UPDATED June 10th, 2009 to incorporate more on lossless Ethernet (was in “read more” section, pulled to front)
Congratulations to everyone who worked on the standard.
The FCoE standard celebrates its one week anniversary today - the T11 standards body ratified FCoE as a standard in FC-BB-5 on Wednesday June 3rd.
I’m not so much an FCoE true believer so much as I am an Ethernet true believer. Coming to EMC from an iSCSI startup – I guess it was in the watercooler :-) As I’ve interacted with more customers, I’ve gained a better understanding on why FCoE is important. It offers a chance for a unified interconnect – covering a gamut of use cases. Since all FCoE adapters are by definition Converged Network adapters – customer can use one, and use it for 10GbE LAN, 10GbE NAS, 10GbE iSCSI, and Fibre Channel via FCoE.
I still stick by the bet I made with Chuck (come on iSCSI!) – he and I disagree often, but boy the conversation is always be fun :-)
http://chucksblog.typepad.com/chucks_blog/2007/10/yes-we-occasion.html
And you can see I’ve been interested in this for some time:
http://virtualgeek.typepad.com/virtual_geek/2008/06/10-gigabit-ethe.html
(BTW – this was June 2008 - was after a couple of months of being “deep dive” introed to what was at that point the very confidential Cisco project codenamed California)
So why is it important? On it’s own – iSCSI does not offer what FCoE brings to the table – a real chance for all current use cases/workloads - to consolidate the networks (by eliminating the “but what about this host here”… excuse) which in turn enables reductions in cable and port count, lower space/power requirements, and enable getting to a “cable once” (at least within major generational changes) model.
This doesn’t mean I’m saying iSCSI is bad or even “not as good” as FCoE. iSCSI is undoubtedly less expensive, and runs on a much, much broader set of equipment. iSCSI is the fastest growing storage segment by a long shot for all these reasons, and is often the protocol of choice for customers with no existing shared storage infrastructure. EMC is (and certainly I count myself in that) a huge iSCSI supporter. However, iSCSI does fundamentally have lossy characteristics (using TCP retransmits for data integrity), longer TCP/IP timeout characteristics and other But, without being able to cover the remaining use cases for FC – there wouldn’t be an opportunity for convergence of transport. FCoE is that opportunity.
UPDATE:
Now, there’s still more work to be done – as St0ragebear pointed out in the comments, and I think it’s worth pulling up to the front part of this article. First of all – now that the T11 standard is complete, there are other steps for it to become an ANSI standard – including a public review period. The bigger point I had originally in the “read more” section, but I will pull up here. Lossless Ethernet (CEE, DCE, IEEE Datacenter Bridging) is still not a standard, and this will take more time. This is an important part of the FCoE idea. The IEEE 802.1Qbb (Priority Flow Control) project is approved, but the standard is not done. You can find more about that here: http://www.ieee802.org/1/pages/dcbridges.html … Now back to the original text….
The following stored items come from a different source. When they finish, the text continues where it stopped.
(* The GP 2 program is-dag terminates on any GP 2 host graph in which every node is marked grey and is not a root and every edge is unmarked.
   Context: GP 2 semantics. Host graphs are finite directed graphs whose nodes and edges carry labels (lists of integers and strings) and marks (nodes: unmarked, red, green, blue, grey; edges: unmarked, red, green, blue, dashed); some nodes are roots. A rule is applied by finding an injective label- and mark-compatible match of its left-hand side (mark "any" matches every mark; roots match roots) satisfying the dangling condition, then changing matched items as prescribed by the right-hand side. Commands: a rule set call applies one applicable rule, failing if none applies; $P;Q$ sequencing; $P!$ iterates $P$ until it fails (break exits the innermost loop); "try $C$ then $P$ else $Q$" runs $C$ and continues with $P$ on its result if it succeeded, else $Q$ on the original graph; "if $C$ then $P$ else $Q$" runs $C$ on a copy then $P$ or $Q$ on the original; fail causes failure. The program is-dag (labels unchanged; rule edges directed from node 1 to node 2): Main = (init; DFS!; try unroot else break)!; Check DFS = try next_edge then (try {move, ignore} else (set_flag; break)) else (try loop; try back else break) Check = if flag then fail - init: grey non-root node becomes a red root. - unroot: red root becomes blue non-root. - set_flag: red root becomes green root. - flag: green root; no change. - next_edge: red root 1, node 2 of any mark, unmarked edge 1→2; edge becomes red. - ignore: red root 1, blue node 2, red edge 1→2; edge becomes blue. - move: red root 1, grey node 2, red edge 1→2; node 1 becomes red non-root, node 2 red root, edge dashed. - back: red non-root 1, red root 2, dashed edge 1→2; node 1 becomes red root, node 2 blue non-root, edge blue. - loop: red root with an unmarked loop; node becomes green root. *)

theory Defs
  imports Main
begin

datatype atom = AInt int | AStr string
type_synonym label = "atom list"

datatype nodemark = NUnmarked | NRed | NGreen | NBlue | NGrey
datatype edgemark = EUnmarked | ERed | EGreen | EBlue | EDashed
I’m a glutton for punishment and love this stuff – it’s fascinating to look back at the minutes, see the progress, who’s driving what, seeing company names change (Nuova Systems). You can see that all here: http://www.t11.org/t11/docreg.nsf/gfcoemi?OpenView. It’s an easy way to see who’s driving, who’s participating (and how actively) and who’s following – at least from an engineering and standards standpoint.
Stuart Miniman from our office of the CTO (who was part of the standard process) does a very good video update on FCoE (including examples of Qlogic Gen 1 and Gen 2 Converged Network Adapters or CNAs):
What does this have to do with VMware? VMware is one of the earliest, most potent use cases for FCoE and 10GbE generally. I said it back in June 2008 (and have said as much at various VMworld sessions with Cisco and VMware) and I’ll say it again – massive consolidation, coupled with massive multicore and huge cheap RAM moves bottlenecks to the server I/O layer. It’s fun to look back a year later and be borne out by what’s happened since.
EMC has been supporting FCoE for some time, and now with the standard ratified, it’s exciting times!
Read on for more gory details!
While FCoE devices (CNAs, switches, targets) have been shipping for some time – up till now, everything has been pre-standard. And in this case, pre-standard was missing important pieces – not the least of which was the FCoE Initialization Protocol – which is really important in cases where there is more than one switch involved – pretty important for any real network. These pre-standard devices were colloquially called “pre-FIP” (think “802.11 pre-N” wireless router). Every FC-BB-5 complaint device must support FIP.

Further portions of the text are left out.